サヤコは刀の刺繍が入った白いハンカチを受け取り、涙を拭う。ただ、そのハンカチに見覚えがあるかのような表情でハンカチをジッと見つめるのだった。
「ありがとう・・・グスッ(このハンカチ・・・高校の地区大会で私が手渡した御守り?)」
ちなみにクロウの魔創スキルは記憶にある物が主体となるが、一度でも見た事のある物ならその場で創り出せるメリットがあった。使う魔力もほんの少しであり、クロウの魔力がすっからかんになる事は到底無かった。デメリットは人目に触れる場所では使えないという事だけだろう。否、使えはするが使った瞬間から衆目に晒されるのは確かだった。特に神官には魅せてはダメな部類のスキルである。
以降はサヤコが打ち明ける番となった。
クロウも一応は部外者であるが詳細を知る事になる。
「何処から話せばいいかな?」
「この世界に来てからでいいですよ? 届け先を拒否する理由・・・それを明確にしないとメランコ公爵も納得されないでしょうから。それに、あちらの世界での事を言われても困りますので(どの辺りで召喚されたのか気になるけど、俺は知る必要が無いしな)」
クロウは真剣な面持ちでサヤコの語りを聞き始める。その右手は話し言葉そのものを書き記す。サヤコの言葉はそのまま日本語だ。それがこの世界の人間には共通語に聞こえているのだ。その逆は共通語が日本語に翻訳されている。ただ、時折この世界の人間には意味不明となる単語もあったりするが、クロウは気にせず即興で共通語訳を行った。

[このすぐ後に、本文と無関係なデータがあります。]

(* Let $P$ be a finite poset, $I\in\mathcal{IC}(P)$, and let $x$ be a maximal element of $P$ or a minimal element of $P$. If $x\in I$, then $x\notin\mathrm{Row}(I)$.
   Context: All posets are finite. For a poset $P$, a subset $I\subseteq P$ is interval-closed if for all $x,y\in I$ and $z\in P$ with $x\le z\le y$ we have $z\in I$; $\mathcal{IC}(P)$ is the set of interval-closed subsets of $P$. For $x\in P$ the toggle $t_x:\mathcal{IC}(P)\to\mathcal{IC}(P)$ is defined by $t_x(I)=I\triangle\{x\}$ if $I\triangle\{x\}\in\mathcal{IC}(P)$ and $t_x(I)=I$ otherwise. Rowmotion is $\mathrm{Row}=t_{x_1}\circ t_{x_2}\circ\cdots\circ t_{x_N}:\mathcal{IC}(P)\to\mathcal{IC}(P)$, where $(x_1,\dots,x_N)$ is a linear extension of $P$ (so elements are toggled from the top of the poset down); this does not depend on the choice of linear extension. *)

theory Defs
  imports Main
begin

text \<open>A finite poset is modelled as a finite type with a partial order;
  the poset P is the whole type (UNIV).\<close>

definition interval_closed :: "'a::order set \<Rightarrow> bool" where
  "interval_closed I \<longleftrightarrow> (\<forall>x\<in>I. \<forall>y\<in>I. \<forall>z. x \<le> z \<and> z \<le> y \<longrightarrow> z \<in> I)"

definition IC :: "'a::order set set" where
  "IC = {I. interval_closed I}"

definition toggle :: "'a::order \<Rightarrow> 'a set \<Rightarrow> 'a set" where
  "toggle x I = (if interval_closed ((if x \<in> I then I - {x} else insert x I)) then (if x \<in> I then I - {x} else insert x I) else I)"

definition linear_extension :: "'a::{finite,order} list \<Rightarrow> bool" where
  "linear_extension xs \<longleftrightarrow> distinct xs \<and> set xs = UNIV \<and>
     (\<forall>i<length xs. \<forall>j<length xs. xs ! i \<le> xs ! j \<longrightarrow> i \<le> j)"

text \<open>Row = t_{x_1} o t_{x_2} o ... o t_{x_N}, i.e. t_{x_N} is applied first.\<close>
definition rowmotion_wrt :: "'a::order list \<Rightarrow> 'a set \<Rightarrow> 'a set" where
  "rowmotion_wrt xs I = foldr toggle xs I"

definition Row :: "'a::{finite,order} set \<Rightarrow> 'a set" where
  "Row I = rowmotion_wrt (SOME xs. linear_extension xs) I"

end

theory Submission
  imports Defs
begin

text \<open>An extremal element is never strictly between two others, so it can always be toggled out
  of an interval-closed set. In a linear extension it is toggled exactly once, and no other toggle
  changes its membership; every intermediate set is interval-closed, so that one toggle removes it.
  The only remaining point is that a linear extension exists, as otherwise the choice made
  in Row would be arbitrary.\<close>

lemma interval_closed_Diff_extremal:
  assumes "(\<forall>y. x \<le> y \<longrightarrow> y = x) \<or> (\<forall>y. y \<le> x \<longrightarrow> y = x)"
    and "interval_closed J"
  shows "interval_closed (J - {x})"
  using assms unfolding interval_closed_def by (metis Diff_iff singletonD)

lemma interval_closed_toggle: "interval_closed J \<Longrightarrow> interval_closed (toggle y J)"
  unfolding toggle_def by auto

lemma mem_toggle_other: "y \<noteq> x \<Longrightarrow> x \<in> toggle y J \<longleftrightarrow> x \<in> J"
  unfolding toggle_def by auto

lemma notin_toggle_extremal:
  assumes "(\<forall>y. x \<le> y \<longrightarrow> y = x) \<or> (\<forall>y. y \<le> x \<longrightarrow> y = x)"
    and "interval_closed J" "x \<in> J"
  shows "x \<notin> toggle x J"
  using interval_closed_Diff_extremal[OF assms(1,2)] assms(3) unfolding toggle_def by auto

lemma interval_closed_foldr_toggle:
  "interval_closed I \<Longrightarrow> interval_closed (foldr toggle xs I)"
  by (induction xs) (auto intro: interval_closed_toggle)

lemma mem_foldr_toggle_notin: "x \<notin> set xs \<Longrightarrow> x \<in> foldr toggle xs I \<longleftrightarrow> x \<in> I"
  by (induction xs) (auto simp: mem_toggle_other)

lemma notin_foldr_toggle_extremal:
  assumes extremal: "(\<forall>y. x \<le> y \<longrightarrow> y = x) \<or> (\<forall>y. y \<le> x \<longrightarrow> y = x)"
    and "interval_closed I" "x \<in> I"
    and "distinct xs" "x \<in> set xs"
  shows "x \<notin> foldr toggle xs I"
  using assms(4,5)
proof (induction xs)
  case Nil
  then show ?case by simp
next
  case (Cons y ys)
  show ?case
  proof (cases "y = x")
    case True
    with Cons.prems have "x \<in> foldr toggle ys I"
      using mem_foldr_toggle_notin \<open>x \<in> I\<close> by auto
    with True show ?thesis
      using notin_toggle_extremal[OF extremal interval_closed_foldr_toggle[OF \<open>interval_closed I\<close>]]
      by simp
  next
    case False
    with Cons show ?thesis by (simp add: mem_toggle_other)
  qed
qed

lemma finite_set_has_sorted_enumeration:
  fixes S :: "'a::order set"
  assumes "finite S"
  shows "\<exists>xs. distinct xs \<and> set xs = S \<and> sorted_wrt (\<lambda>a b. \<not> b \<le> a) xs"
  using assms
proof (induction "card S" arbitrary: S rule: less_induct)
  case less
  show ?case
  proof (cases "S = {}")
    case True
    then show ?thesis by auto
  next
    case False
    obtain m where m: "m \<in> S" "\<forall>b\<in>S. m \<le> b \<longrightarrow> m = b"
      using finite_has_maximal[OF less.prems False] by blast
    have "card (S - {m}) < card S"
      using m less.prems by (meson card_Diff1_less)
    then obtain ys where ys: "distinct ys" "set ys = S - {m}" "sorted_wrt (\<lambda>a b. \<not> b \<le> a) ys"
      using less by (meson finite_Diff)
    have "distinct (ys @ [m]) \<and> set (ys @ [m]) = S \<and> sorted_wrt (\<lambda>a b. \<not> b \<le> a) (ys @ [m])"
      using ys m by (auto simp: sorted_wrt_append)
    then show ?thesis by blast
  qed
qed

lemma linear_extension_exists: "\<exists>xs::'a::{finite,order} list. linear_extension xs"
proof -
  obtain xs :: "'a list"
    where xs: "distinct xs" "set xs = UNIV" "sorted_wrt (\<lambda>a b. \<not> b \<le> a) xs"
    using finite_set_has_sorted_enumeration[of "UNIV :: 'a set"] by auto
  have "\<forall>i<length xs. \<forall>j<length xs. xs ! i \<le> xs ! j \<longrightarrow> i \<le> j"
    using xs(3) unfolding sorted_wrt_iff_nth_less by (metis not_le)
  with xs show ?thesis unfolding linear_extension_def by blast
qed

theorem lemma2p13:
  fixes I :: "'a::{finite,order} set" and x :: 'a
  assumes "I \<in> IC"
    and "(\<forall>y. x \<le> y \<longrightarrow> y = x) \<or> (\<forall>y. y \<le> x \<longrightarrow> y = x)"
    and "x \<in> I"
  shows "x \<notin> Row I"
proof -
  let ?xs = "SOME xs::'a list. linear_extension xs"
  have "linear_extension ?xs"
    using someI_ex[OF linear_extension_exists] .
  then have "distinct ?xs" "x \<in> set ?xs"
    unfolding linear_extension_def by auto
  moreover have "interval_closed I"
    using assms(1) unfolding IC_def by simp
  ultimately show ?thesis
    using notin_foldr_toggle_extremal[OF assms(2) _ assms(3)]
    unfolding Row_def rowmotion_wrt_def by blast
qed

end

「そうね。なら・・・あれはこの世界に来て数日後だったわ。この世界に来て直ぐの私はしばらくの間、落ち込んでいた。それは約束をした親友と離れ離れになった事にあったの。この世界に来た以上、あの世界には戻れないと、呼び出した者達から知らされたから」
「(やはり、拉致の噂は確定か・・・一方通行で呼び出された勇者は各国に子孫を残していると聞くし)」
「・・・そして、ある日の深夜。私に与えられた部屋に奴が現れたの。私が落ち込んでベッドに座っていると、目の前の椅子に座り、優しそうな言葉遣いで慰めた。『泣かないで下さい、先輩。悲しいのは皆一緒なんです。家族と離れ離れになり、右も左も判らない世界に放り込まれた』」
「(泣き落としか? まぁ判らん事もないが)」
「それを聞いて私は、泣き落としかと思ったわ。家族と離れ離れという理由はわかる。私だってそうだし、誰であれ混乱したのは確かだもの。その後も奴は言った。私の心情を無視してね? 『彼らの願いはこの世界に蔓延る、人にあだなす者を討伐して欲しいそうです』」
「(ま、妥当な話だな。冒険者では勝てない者を討伐するんだから。まぁその勇者ケンイチが民にあだなす者になってるのは、何たる皮肉か)」
サヤコは怒りに打ち震えながらも、淡々と語り続ける。クロウは冷静さを維持しつつ、客観的な態度で聞き入っていた。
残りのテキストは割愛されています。